How to Custom Search Engine Using Google API in Python
- Create a Search Engine Using Google CSE Platform
- Implement the Custom Search API in Python
- Conclusion
The article explains creating a Custom Search Engine (CSE) using Google Search API in Python. A CSE is a search engine designed for developers that enables them to incorporate it into any application, including websites, mobile apps, and other things.
For web scraping, many apps use the Google Custom Search Engine. This article will explain how to set up a CSE and use its Google Search API in Python.
Manually scraping Google Search is highly discouraged because the search gets restricted after every few requests.
Create a Search Engine Using Google CSE Platform
Using a Google Search API in Python to get search results is a three-tier process. Unlike web scrapping, which returns results directly from Google search, this method creates a custom search engine and uses it to fetch results.
This helps fetch the same results as scrapping without any thresholds for sending requests.

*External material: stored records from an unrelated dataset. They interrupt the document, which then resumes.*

lemma local_quotient:
  assumes loc: "local_ring_with R M" and I: "ideal I R" and IM: "I \<subseteq> M"
  shows "local_ring_with (R Quot I) ((+>\<^bsub>R\<^esub>) I ` M)"
proof -
  note M = local_ring_withD(2)[OF loc] and one = local_ring_withD(4)[OF loc]
    and U = local_ring_withD(5)[OF loc]
  interpret ring R by (rule ideal.axioms(2)[OF I])
  interpret M: ideal M R by (rule M)
  have hom: "(+>\<^bsub>R\<^esub>) I \<in> ring_hom R (R Quot I)" by (rule ideal.rcos_ring_hom[OF I])
  have Q: "ring (R Quot I)" by (rule ideal.quotient_is_ring[OF I])
  have one_Q: "\<one>\<^bsub>R Quot I\<^esub> \<notin> (+>\<^bsub>R\<^esub>) I ` M"
  proof
    assume "\<one>\<^bsub>R Quot I\<^esub> \<in> (+>\<^bsub>R\<^esub>) I ` M"
    then obtain z where z: "z \<in> M" "I +>\<^bsub>R\<^esub> \<one>\<^bsub>R\<^esub> = I +>\<^bsub>R\<^esub> z" by (auto simp: quot_one)
    then have "\<one>\<^bsub>R\<^esub> \<ominus>\<^bsub>R\<^esub> z \<in> M"
      using quotient_eq_iff_same_a_r_cos[OF I] IM M.Icarr by blast
    then have "(\<one>\<^bsub>R\<^esub> \<ominus>\<^bsub>R\<^esub> z) \<oplus>\<^bsub>R\<^esub> z \<in> M" using z(1) by blast
    then show False using one z(1) M.Icarr by (simp add: a_minus_def a_assoc l_neg)
  qed
  have units: "x \<in> Units (R Quot I)"
    if x: "x \<in> carrier (R Quot I)" "x \<notin> (+>\<^bsub>R\<^esub>) I ` M" for x
  proof -
    obtain z where z: "z \<in> carrier R" "x = I +>\<^bsub>R\<^esub> z" using quot_carrier_E[OF x(1)] by blast
    then have "z \<in> Units R" using U[OF z(1)] x(2) by blast
    then show ?thesis using ring_hom_Units[OF hom ring_axioms Q] z(2) by simp
  qed
  show ?thesis
    unfolding local_ring_with_def
    using ring_ideal_imp_quot_ideal[OF I M] one_Q units by blast
qed

text \<open>A local ring is semilocal: modulo its maximal ideal it is a division ring.\<close>
lemma local_semilocal:
  assumes loc: "local_ring_with S M"
  shows "semilocal S"
proof -
  note M = local_ring_withD(2)[OF loc]
  have Q: "local_ring_with (S Quot M) ((+>\<^bsub>S\<^esub>) M ` M)" by (rule local_quotient[OF loc M order_refl])
  have "M +>\<^bsub>S\<^esub> m = M" if "m \<in> M" for m
    by (rule ring.a_rcos_zero[OF local_ring_withD(1)[OF loc] M that])
  moreover have "\<zero>\<^bsub>S\<^esub> \<in> M" by (rule additive_subgroup.zero_closed[OF ideal.axioms(1)[OF M]])
  ultimately have img: "(+>\<^bsub>S\<^esub>) M ` M = {\<zero>\<^bsub>S Quot M\<^esub>}" unfolding quot_zero by force
  have "x \<in> Units (S Quot M)" if "x \<in> carrier (S Quot M)" "x \<noteq> \<zero>\<^bsub>S Quot M\<^esub>" for x
    using local_ring_withD(5)[OF Q that(1)] that(2) unfolding img by blast
  then show ?thesis
    unfolding semilocal_def local_jacobson_radical[OF loc]
    using division_ring_left_artinian[OF local_ring_withD(1)[OF Q]] by blast
qed

lemma left_T_nilpotent_quotient:
  assumes I: "ideal I R" and MR: "M \<subseteq> carrier R" and T: "left_T_nilpotent R M"
  shows "left_T_nilpotent (R Quot I) ((+>\<^bsub>R\<^esub>) I ` M)"
  unfolding left_T_nilpotent_def
proof (intro allI impI)
  fix a :: "nat \<Rightarrow> 'a set" assume "\<forall>n. a n \<in> (+>\<^bsub>R\<^esub>) I ` M"
  then have "\<forall>n. \<exists>z. z \<in> M \<and> a n = I +>\<^bsub>R\<^esub> z" by blast
  from choice[OF this] obtain b where b: "\<forall>n. b n \<in> M \<and> a n = I +>\<^bsub>R\<^esub> b n" by blast
  then have a: "a = (\<lambda>n. I +>\<^bsub>R\<^esub> b n)" and bc: "\<forall>n. b n \<in> carrier R" using MR by auto
  obtain n where n: "n \<ge> 1" "lprod R b n = \<zero>\<^bsub>R\<^esub>"
    using T b unfolding left_T_nilpotent_def by (elim allE[of _ b]) blast
  have R: "ring R" by (rule ideal.axioms(2)[OF I])
  have "lprod (R Quot I) a n = I +>\<^bsub>R\<^esub> \<zero>\<^bsub>R\<^esub>"
    unfolding a n(2)[symmetric] by (rule ring_hom_lprod[OF ideal.rcos_ring_hom[OF I] R bc])
  also have "\<dots> = \<zero>\<^bsub>R Quot I\<^esub>"
    unfolding quot_zero
    by (rule ring.a_rcos_zero[OF R I additive_subgroup.zero_closed[OF ideal.axioms(1)[OF I]]])
  finally show "\<exists>n\<ge>1. lprod (R Quot I) a n = \<zero>\<^bsub>R Quot I\<^esub>" using n(1) by blast
qed

lemma local_left_almost_perfect:
  assumes loc: "local_ring_with R M" and T: "left_T_nilpotent R M"
  shows "left_almost_perfect R"
  unfolding left_almost_perfect_def
proof (intro allI impI)
  fix I assume "ideal I R \<and> I \<noteq> {\<zero>\<^bsub>R\<^esub>} \<and> I \<noteq> carrier R"
  then have I: "ideal I R" and proper: "I \<noteq> carrier R" by simp_all
  have IM: "I \<subseteq> M" by (rule local_proper_left_ideal_subset[OF loc ideal_imp_left_ideal[OF I] proper])
  have Q: "local_ring_with (R Quot I) ((+>\<^bsub>R\<^esub>) I ` M)" by (rule local_quotient[OF loc I IM])
  show "left_perfect (R Quot I)"
    unfolding left_perfect_def local_jacobson_radical[OF Q]
    using local_semilocal[OF Q] left_T_nilpotent_quotient[OF I local_ring_withD(3)[OF loc] T] ..
qed

lemma right_perfect_quotient_rprod:
  assumes loc: "local_ring_with R M" and I: "ideal I R" and IM: "I \<subseteq> M"
    and rp: "right_perfect (R Quot I)" and b: "\<forall>n. b n \<in> M"
  shows "\<exists>n\<ge>1. rprod R b n \<in> I"
proof -
  have Q: "local_ring_with (R Quot I) ((+>\<^bsub>R\<^esub>) I ` M)" by (rule local_quotient[OF loc I IM])
  have R: "ring R" by (rule ideal.axioms(2)[OF I])
  have bc: "\<forall>n. b n \<in> carrier R" using b local_ring_withD(3)[OF loc] by blast
  have "right_T_nilpotent (R Quot I) ((+>\<^bsub>R\<^esub>) I ` M)"
    using rp unfolding right_perfect_def local_jacobson_radical[OF Q] by blast
  then have "(\<forall>n. I +>\<^bsub>R\<^esub> b n \<in> (+>\<^bsub>R\<^esub>) I ` M) \<longrightarrow>
      (\<exists>n\<ge>1. rprod (R Quot I) (\<lambda>n. I +>\<^bsub>R\<^esub> b n) n = \<zero>\<^bsub>R Quot I\<^esub>)"
    unfolding right_T_nilpotent_def by (rule spec)
  moreover have "\<forall>n. I +>\<^bsub>R\<^esub> b n \<in> (+>\<^bsub>R\<^esub>) I ` M" using b by blast
  ultimately obtain n where n: "n \<ge> 1" "rprod (R Quot I) (\<lambda>n. I +>\<^bsub>R\<^esub> b n) n = \<zero>\<^bsub>R Quot I\<^esub>"
    by blast
  then have "I +>\<^bsub>R\<^esub> rprod R b n = I"
    using ring_hom_rprod[OF ideal.rcos_ring_hom[OF I] R bc] by (simp add: quot_zero)
  then have "rprod R b n \<in> I" using ideal.rcos_const_imp_mem[OF I rprod_closed[OF R bc]] by blast
  then show ?thesis using n(1) by blast
qed

fun geom_sum :: "('a, 'b) ring_scheme \<Rightarrow> 'a \<Rightarrow> nat \<Rightarrow> 'a" where
  "geom_sum R b 0 = \<zero>\<^bsub>R\<^esub>"
| "geom_sum R b (Suc m) = geom_sum R b m \<oplus>\<^bsub>R\<^esub> b [^]\<^bsub>R\<^esub> m"

lemma (in ring) geom_sum_closed: "b \<in> carrier R \<Longrightarrow> geom_sum R b m \<in> carrier R"
  by (induction m) auto

lemma (in ring) geom_sum_mult_right: "b \<in> carrier R \<Longrightarrow> geom_sum R b m \<otimes> (\<one> \<ominus> b) = \<one> \<ominus> b [^] m"
proof (induction m)
  case 0 then show ?case by (simp add: a_minus_def r_neg)
next
  case (Suc m)
  have p: "b [^] m \<in> carrier R" and g: "geom_sum R b m \<in> carrier R"
    using Suc.prems geom_sum_closed by simp_all
  have "geom_sum R b (Suc m) \<otimes> (\<one> \<ominus> b) = geom_sum R b m \<otimes> (\<one> \<ominus> b) \<oplus> b [^] m \<otimes> (\<one> \<ominus> b)"
    using p g Suc.prems by (simp add: l_distr)
  also have "\<dots> = \<one> \<ominus> b [^] m \<oplus> b [^] m \<otimes> (\<one> \<ominus> b)" using Suc by simp
  also have "\<dots> = \<one> \<ominus> b [^] m \<otimes> b" using p Suc.prems
    by (simp add: a_minus_def a_assoc r_distr r_minus r_neg1)
  finally show ?case by simp
qed

lemma (in ring) geom_sum_mult_left: "b \<in> carrier R \<Longrightarrow> (\<one> \<ominus> b) \<otimes> geom_sum R b m = \<one> \<ominus> b [^] m"
proof (induction m)
  case 0 then show ?case by (simp add: a_minus_def r_neg)
next
  case (Suc m)
  have p: "b [^] m \<in> carrier R" and g: "geom_sum R b m \<in> carrier R"
    using Suc.prems geom_sum_closed by simp_all
  have "(\<one> \<ominus> b) \<otimes> geom_sum R b (Suc m) = (\<one> \<ominus> b) \<otimes> geom_sum R b m \<oplus> (\<one> \<ominus> b) \<otimes> b [^] m"
    using p g Suc.prems by (simp add: r_distr)
  also have "\<dots> = \<one> \<ominus> b [^] m \<oplus> (\<one> \<ominus> b) \<otimes> b [^] m" using Suc by simp
  also have "\<dots> = \<one> \<ominus> b \<otimes> b [^] m" using p Suc.prems
    by (simp add: a_minus_def a_assoc l_distr l_minus r_neg1)
  finally show ?case using nat_pow_Suc2[OF Suc.prems] by simp
qed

To create a search engine, look up the programmable search engine
page or click on this link. Give a name for the search engine and add a sample URL inside What to search?
.
Remember that this sample URL can be changed later, and that’s what we will be doing.
Confirm reCAPTCHA and click on Create
to create a custom search engine. This search engine needs to be tweaked to access the entire web.
Click on Customize
on the next page.
Under Basic
, some essential data can be found, like the search engine ID, which will be used to send search requests. Copy the search engine ID and store it.
Scroll down to Search Features
and turn on the Search the entire web
option.
In the Sites to search
section, tick the checkbox of the added URL and delete it. This will make the search engine open to the entire web.
Once the Custom Search Engine is created, it is time to use the Google Search API in Python.
First, we need to get an API for the created search engine.
Get a Google API Key
Google’s Application Programming Interface (API) is a feature of Google Cloud to embed Google services into third-party applications. A Google project needs to be created to get a custom search API key and then use it as a Google search API in Python.
There are two ways to fetch an API key for the custom search engine:
- Create a project in Google Cloud and get a Google Custom Search API.
- Get a JSON API key.
Both steps require a Google Cloud project.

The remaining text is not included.